Stop Reckless Oil & Gas Drilling

Evidence of the damage from just one of the thousands of drilling fields on the Allegheny National Forest. Photo © Bill Belitskus

STOP RECKLESS OIL & GAS DRILLING

The Spring 2007 issue of Forest Magazine is devoted to the most important environmental threat of this or any generation: global warming. We at FSEEE have a profound concern about this issue. Our country’s addiction to fossil fuels will unravel the essential fabric and intrinsic value of the ecosystems upon which we depend.

The Bush Administration has been accused of failing to take action on global warming. Nothing could be further from the truth. The administration has a comprehensive plan for global warming: they plan to make it worse by accelerating the production and consumption of fossil fuels. In addition to maintaining the terribly destructive relationships with oil producing states in the Middle East, the administration’s plan to satisfy our oil fix takes aim squarely at the national forests in our backyards.

We need your help to stop the Bush Administration from turning our national forests into unregulated oil fields.

The administration’s 2005 Energy Bill is a green light for oil and gas companies to exploit public lands. It directs the Forest Service and Bureau of Land Management to work together to expedite development of new oil and gas resources, regardless of environmental consequences. It exempts much oil and gas exploration from the Clean Water Act. It provides for tens of thousands of acres of federal forest to be cleared to create new power transmission cables. And it gives out $85 billion worth of subsidies that will make previously uneconomic drilling in the backcountry profitable for big oil and gas companies.

WHAT WILL THIS MEAN FOR NATIONAL FORESTS?

The effects are already dramatically evident on the Allegheny National Forest in Pennsylvania, which currently has more than 8,000 active oil and gas wells.

Under a new forest management plan set to be released next month, an additional 7,500 wells would be drilled, clearing more than 10,000 acres of forest and building 1,600 miles of road. Requirements to protect sensitive soils and water quality, once mandatory, are now optional.

Incredibly, the Forest Service has determined that oil and gas drilling is not a “significant issue” for the Allegheny National Forest Plan.
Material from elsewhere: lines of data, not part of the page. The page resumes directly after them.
text \<open>Optional stopping for a nonnegative supermartingale \<open>\<Phi>\<close> on query histories.\<close>

lemma measure_run_alg_le_potential:
  fixes \<Phi> :: "(nat set \<times> bool) list \<Rightarrow> real"
  assumes "0 \<le> p" "p \<le> 1" and nonneg: "\<And>h. 0 \<le> \<Phi> h"
    and query: "\<And>h e. Query e \<in> set_pmf (alg V E h) \<Longrightarrow>
                  p * \<Phi> (h @ [(e, e \<notin> R)]) + (1 - p) * \<Phi> (h @ [(e, e \<in> R)]) \<le> \<Phi> h"
    and stop: "\<And>h T. Output T \<in> set_pmf (alg V E h) \<Longrightarrow> T \<notin> Good \<Longrightarrow> 1 \<le> \<Phi> h"
  shows "measure_pmf.prob (run_alg p V E R alg B h) (Some ` (- Good)) \<le> \<Phi> h"
proof (induction B arbitrary: h)
  case 0
  show ?case
    by (auto intro!: measure_bind_pmf_le simp: nonneg stop split: step.splits split: split_indicator)
next
  case (Suc B)
  have "measure_pmf.prob (bind_pmf (bernoulli_pmf p)
          (\<lambda>flip. run_alg p V E R alg B (h @ [(e, (e \<in> R) \<noteq> flip)]))) (Some ` (- Good)) \<le> \<Phi> h"
    if query_step: "Query e \<in> set_pmf (alg V E h)" for e
  proof -
    have "p * measure_pmf.prob (run_alg p V E R alg B (h @ [(e, e \<notin> R)])) (Some ` (- Good))
          + (1 - p) * measure_pmf.prob (run_alg p V E R alg B (h @ [(e, e \<in> R)])) (Some ` (- Good))
          \<le> p * \<Phi> (h @ [(e, e \<notin> R)]) + (1 - p) * \<Phi> (h @ [(e, e \<in> R)])"
      using \<open>0 \<le> p\<close> \<open>p \<le> 1\<close> by (intro add_mono mult_left_mono Suc.IH) auto
    also have "\<dots> \<le> \<Phi> h"
      using query[OF query_step] .
    finally show ?thesis
      using \<open>0 \<le> p\<close> \<open>p \<le> 1\<close> by (simp add: measure_bind_bernoulli_pmf)
  qed
  then show ?case
    unfolding run_alg.simps
    by (intro measure_bind_pmf_le) (auto simp: nonneg stop split: step.splits split: split_indicator)
qed

lemma is_graph_finite_edges: "is_graph V E \<Longrightarrow> finite E"
  unfolding is_graph_def by (metis Pow_iff finite_Pow_iff finite_subset subsetI)

lemma connected_on_Diff_cycle_edge:
  assumes "connected_on V T" "e = {u, v}" "(u, v) \<in> (adj (T - {e}))\<^sup>*"
  shows "connected_on V (T - {e})"
proof -
  have sym: "(adj (T - {e}))\<inverse> = adj (T - {e})"
    unfolding adj_def by (auto simp: insert_commute)
  have "(v, u) \<in> (adj (T - {e}))\<^sup>*"
    using rtrancl_converseI[OF assms(3)] sym by simp
  then have "adj T \<subseteq> (adj (T - {e}))\<^sup>*"
    using assms(2,3) by (auto simp: adj_def doubleton_eq_iff)
  then have "(adj T)\<^sup>* \<subseteq> (adj (T - {e}))\<^sup>*"
    by (metis rtrancl_subset_rtrancl)
  then show ?thesis
    using assms(1) unfolding connected_on_def by blast
qed

text \<open>A connected subgraph with the fewest edges has no edge on a cycle.\<close>

lemma connected_on_obtains_spanning_tree:
  assumes "finite R" "R \<subseteq> E" "connected_on V R"
  obtains T where "spanning_tree V E T" "T \<subseteq> R"
proof -
  obtain T where T: "T \<subseteq> R" "connected_on V T"
    and minimal: "\<And>T'. T' \<subseteq> R \<Longrightarrow> connected_on V T' \<Longrightarrow> card T \<le> card T'"
    using ex_has_least_nat[of "\<lambda>T. T \<subseteq> R \<and> connected_on V T" R card] assms(3) by blast
  have "(u, v) \<notin> (adj (T - {e}))\<^sup>*" if "e \<in> T" "e = {u, v}" for e u v
  proof
    assume "(u, v) \<in> (adj (T - {e}))\<^sup>*"
    then have "card T \<le> card (T - {e})"
      using T connected_on_Diff_cycle_edge[OF T(2) \<open>e = {u, v}\<close>] by (intro minimal) auto
    moreover have "card (T - {e}) < card T"
      using T(1) assms(1) \<open>e \<in> T\<close> by (meson card_Diff1_less finite_subset)
    ultimately show False
      by simp
  qed
  then show thesis
    using T assms(2) that unfolding spanning_tree_def by blast
qed

definition times_queried :: "nat set \<Rightarrow> (nat set \<times> bool) list \<Rightarrow> nat" where
  "times_queried e h = count_list h (e, True) + count_list h (e, False)"

definition majority_edges :: "nat set set \<Rightarrow> (nat set \<times> bool) list \<Rightarrow> nat set set" where
  "majority_edges E h = {e \<in> E. count_list h (e, False) < count_list h (e, True)}"

definition repeated_majority_step :: "nat \<Rightarrow> nat set \<Rightarrow> nat set set \<Rightarrow> (nat set \<times> bool) list \<Rightarrow> step" where
  "repeated_majority_step k V E h =
     (if \<exists>e\<in>E. times_queried e h < k then Query (SOME e. e \<in> E \<and> times_queried e h < k)
      else Output (SOME T. spanning_tree V E T \<and> T \<subseteq> majority_edges E h))"

definition decay :: "real \<Rightarrow> real" where
  "decay p = 1 / 2 + 2 * p * (1 - p)"

definition repetition_rate :: "real \<Rightarrow> real" where
  "repetition_rate p = - 2 / ln (decay p)"

definition repetitions :: "real \<Rightarrow> nat \<Rightarrow> nat" where
  "repetitions p m = nat \<lceil>repetition_rate p * ln (real m)\<rceil>"

definition majority_alg :: "real \<Rightarrow> algorithm" where
  "majority_alg p V E h = return_pmf (repeated_majority_step (repetitions p (card E)) V E h)"

lemma repeated_majority_step_QueryD:
  assumes "repeated_majority_step k V E h = Query e"
  shows "e \<in> E" "times_queried e h < k"
proof -
  have "\<exists>e\<in>E. times_queried e h < k" "e = (SOME e. e \<in> E \<and> times_queried e h < k)"
    using assms unfolding repeated_majority_step_def by (auto split: if_splits)
  then show "e \<in> E" "times_queried e h < k"
    by (metis (mono_tags, lifting) someI_ex)+
qed

lemma repeated_majority_step_OutputD:
  assumes "repeated_majority_step k V E h = Output T"
  shows "\<forall>e\<in>E. k \<le> times_queried e h"
    and "T = (SOME T. spanning_tree V E T \<and> T \<subseteq> majority_edges E h)"
  using assms unfolding repeated_majority_step_def by (auto split: if_splits simp: not_less)

lemma times_queried_snoc [simp]:
  "times_queried e' (h @ [(e, b)]) = times_queried e' h + (if e' = e then 1 else 0)"
  by (cases b) (auto simp: times_queried_def)

lemma sum_remaining_queries_snoc_less:
  assumes "finite E" "e \<in> E" "times_queried e h < k"
  shows "(\<Sum>e'\<in>E. k - times_queried e' (h @ [(e, b)])) < (\<Sum>e'\<in>E. k - times_queried e' h)"
  using assms by (intro sum_strict_mono_ex1) auto

lemma None_notin_run_majority_alg:
  assumes "finite E" "card E * repetitions p (card E) \<le> B"
  shows "None \<notin> set_pmf (run_alg p V E R (majority_alg p) B [])"
proof (rule None_notin_run_alg[where \<rho> = "\<lambda>h. \<Sum>e\<in>E. repetitions p (card E) - times_queried e h"])
  fix h e b
  assume "Query e \<in> set_pmf (majority_alg p V E h)"
  then have "repeated_majority_step (repetitions p (card E)) V E h = Query e"
    by (simp add: majority_alg_def)
  with assms(1) show "(\<Sum>e'\<in>E. repetitions p (card E) - times_queried e' (h @ [(e, b)]))
      < (\<Sum>e'\<in>E. repetitions p (card E) - times_queried e' h)"
    by (intro sum_remaining_queries_snoc_less repeated_majority_step_QueryD)
next
  show "(\<Sum>e\<in>E. repetitions p (card E) - times_queried e []) \<le> B"
    using assms(2) by (simp add: times_queried_def)
qed

lemma decay_pos: "0 \<le> p \<Longrightarrow> p \<le> 1 \<Longrightarrow> 0 < decay p"
  unfolding decay_def by (simp add: add_pos_nonneg)

lemma decay_less_one: "p \<noteq> 1 / 2 \<Longrightarrow> decay p < 1"
proof -
  assume "p \<noteq> 1 / 2"
  then have "0 < (1 - 2 * p)\<^sup>2"
    by simp
  then show "decay p < 1"
    unfolding decay_def by (simp add: power2_eq_square algebra_simps)
qed

lemma decay_eq_mean_weight_factor:
  "p < 1 \<Longrightarrow> p * (2 - 2 * p) + (1 - p) / (2 - 2 * p) = decay p"
  unfolding decay_def by (simp add: field_simps)

definition discrepancy :: "nat set set \<Rightarrow> nat set \<Rightarrow> (nat set \<times> bool) list \<Rightarrow> int" where
  "discrepancy R e h = int (count_list h (e, e \<notin> R)) - int (count_list h (e, e \<in> R))"

definition potential ::
    "real \<Rightarrow> nat \<Rightarrow> nat set set \<Rightarrow> nat set set \<Rightarrow> (nat set \<times> bool) list \<Rightarrow> real" where
  "potential p k R E h =
     (\<Sum>e\<in>E. (2 - 2 * p) powi discrepancy R e h * decay p ^ (k - times_queried e h))"

lemma potential_Nil: "potential p k R E [] = card E * decay p ^ k"
  by (simp add: potential_def discrepancy_def times_queried_def)

lemma potential_nonneg: "0 \<le> p \<Longrightarrow> p \<le> 1 \<Longrightarrow> 0 \<le> potential p k R E h"
  unfolding potential_def using decay_pos[of p] by (intro sum_nonneg) simp

lemma potential_ge_one:
  assumes "0 \<le> p" "p \<le> 1 / 2" "finite E" "e \<in> E" "k \<le> times_queried e h" "0 \<le> discrepancy R e h"
  shows "1 \<le> potential p k R E h"
proof -
  have "1 \<le> (2 - 2 * p) powi discrepancy R e h * decay p ^ (k - times_queried e h)"
    using assms by simp
  also have "\<dots> \<le> potential p k R E h"
    unfolding potential_def using assms decay_pos[of p]
    by (intro member_le_sum[where i = e]) simp_all
  finally show ?thesis .
qed

lemma potential_query_step:
  assumes "p < 1" "finite E" "e \<in> E" "times_queried e h < k"
  shows "p * potential p k R E (h @ [(e, e \<notin> R)]) + (1 - p) * potential p k R E (h @ [(e, e \<in> R)])
         = potential p k R E h"
proof -
  define t where "t = 2 - 2 * p"
  define w where "w h' e' = t powi discrepancy R e' h' * decay p ^ (k - times_queried e' h')" for h' e'
  have split: "potential p k R E h' = w h' e + (\<Sum>e'\<in>E - {e}. w h' e')" for h'
    unfolding potential_def w_def t_def using assms(2,3) by (simp add: sum.remove)
  have others: "(\<Sum>e'\<in>E - {e}. w (h @ [(e, b)]) e') = (\<Sum>e'\<in>E - {e}. w h e')" for b
    unfolding w_def discrepancy_def by (intro sum.cong) auto
  have "t \<noteq> 0"
    using assms(1) by (simp add: t_def)
  have up: "discrepancy R e (h @ [(e, e \<notin> R)]) = discrepancy R e h + 1"
    and down: "discrepancy R e (h @ [(e, e \<in> R)]) = discrepancy R e h - 1"
    by (simp_all add: discrepancy_def)
  define n where "n = k - Suc (times_queried e h)"
  have remaining: "k - times_queried e h = Suc n"
    using assms(4) by (simp add: n_def)
  have "p * w (h @ [(e, e \<notin> R)]) e + (1 - p) * w (h @ [(e, e \<in> R)]) e
        = p * (t powi discrepancy R e h * t * decay p ^ n)
          + (1 - p) * (t powi discrepancy R e h / t * decay p ^ n)"
    unfolding w_def up down n_def using \<open>t \<noteq> 0\<close> by (simp add: power_int_add_1 power_int_diff)
  also have "\<dots> = t powi discrepancy R e h * decay p ^ n * (p * t + (1 - p) / t)"
    by (simp add: algebra_simps)
  also have "\<dots> = w h e"
    unfolding w_def remaining t_def decay_eq_mean_weight_factor[OF assms(1)] by simp
  finally show ?thesis
    unfolding split others by (simp add: algebra_simps)
qed

lemma majority_edges_eq:
  assumes "R \<subseteq> E" "\<forall>e\<in>E. discrepancy R e h < 0"
  shows "majority_edges E h = R"
proof -
  have "e \<in> R \<longleftrightarrow> count_list h (e, False) < count_list h (e, True)" if "e \<in> E" for e
    using assms(2) that by (cases "e \<in> R") (auto simp: discrepancy_def)
  then show ?thesis
    using assms(1) unfolding majority_edges_def by auto
qed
WHAT OTHER FORESTS WILL BE AFFECTED?

Let us introduce you to the national forests of southern Mississippi—the DeSoto, Homochito and Bienville. They rarely grace nature calendars, but they are lands of striking beauty—and biodiversity. Certain types of long-leaf pine forests here are among the rarest forest types in North America, and provide habitat for endangered species like the red-cockaded woodpecker and the gopher tortoise.

Oil and gas companies have recently leased almost 30,000 acres for oil and gas drilling on these National Forests—with absolutely no environmental review whatsoever.

The environmental impacts will be extreme and irreversible. Spills and leakages will happen, and when they do they will introduce toxins like benzene, toluene and xylene into forest streams. Drilling pads, access roads, pipelines, pumping stations and processing plants will destroy native vegetation and displace wildlife. Drilling wastes, including volatile organic compounds, oils and biocides will also contaminate sensitive habitats.

How can the Forest Service allow this damage without any environmental analysis? The short answer is—they can’t. Last December, as part of our ongoing efforts to scrutinize resource extraction in eastern forests, FSEEE filed an administrative appeal of two hard rock mineral exploration proposals on the Superior National Forest in Minnesota that had been authorized without environmental review. The Forest Service admitted their error, withdrew the projects, and is now preparing an environmental assessment of hard rock mining on the Superior.

On February 26, 2007, FSEEE sent a formal inquiry to the Forest Service and the Bureau of Land Management offices in Mississippi asking why the agency has not prepared the required environmental analysis for the 30,000 acres of National Forest it has recently leased for oil and gas drilling. Our detailed letter specifies both the facts and the law in support of our position that the Forest Service’s 1976 survey of the area is outdated and insufficient. On March 8, 2007, we filed comments that outlined the proper scope of an Environmental Impact Statement (EIS) for the proposed oil and gas exploration and requested that the Forest Service stop issuing leases and approving exploration plans until the EIS has been completed.

As the next step, FSEEE will prepare administrative appeals formally challenging the oil and gas exploration on the Bienville, DeSoto and Homochito National Forests in Mississippi. But it is going to take more than administrative appeals to prevent oil companies from recklessly tapping into the liquid wealth that resides beneath these National Forests.

We need your help to pay for a legal challenge of these drilling proposals.

There are enormous profits to be made, and the full weight of the Bush Administration is behind plans to turn southern pine forests into the next oil patch.

Kicking the oil habit is not going to be easy. Those of us who care about national norests have an opportunity to act locally, right here at home, while thinking globally about the consequences of reckless oil consumption. It’s time to make a start.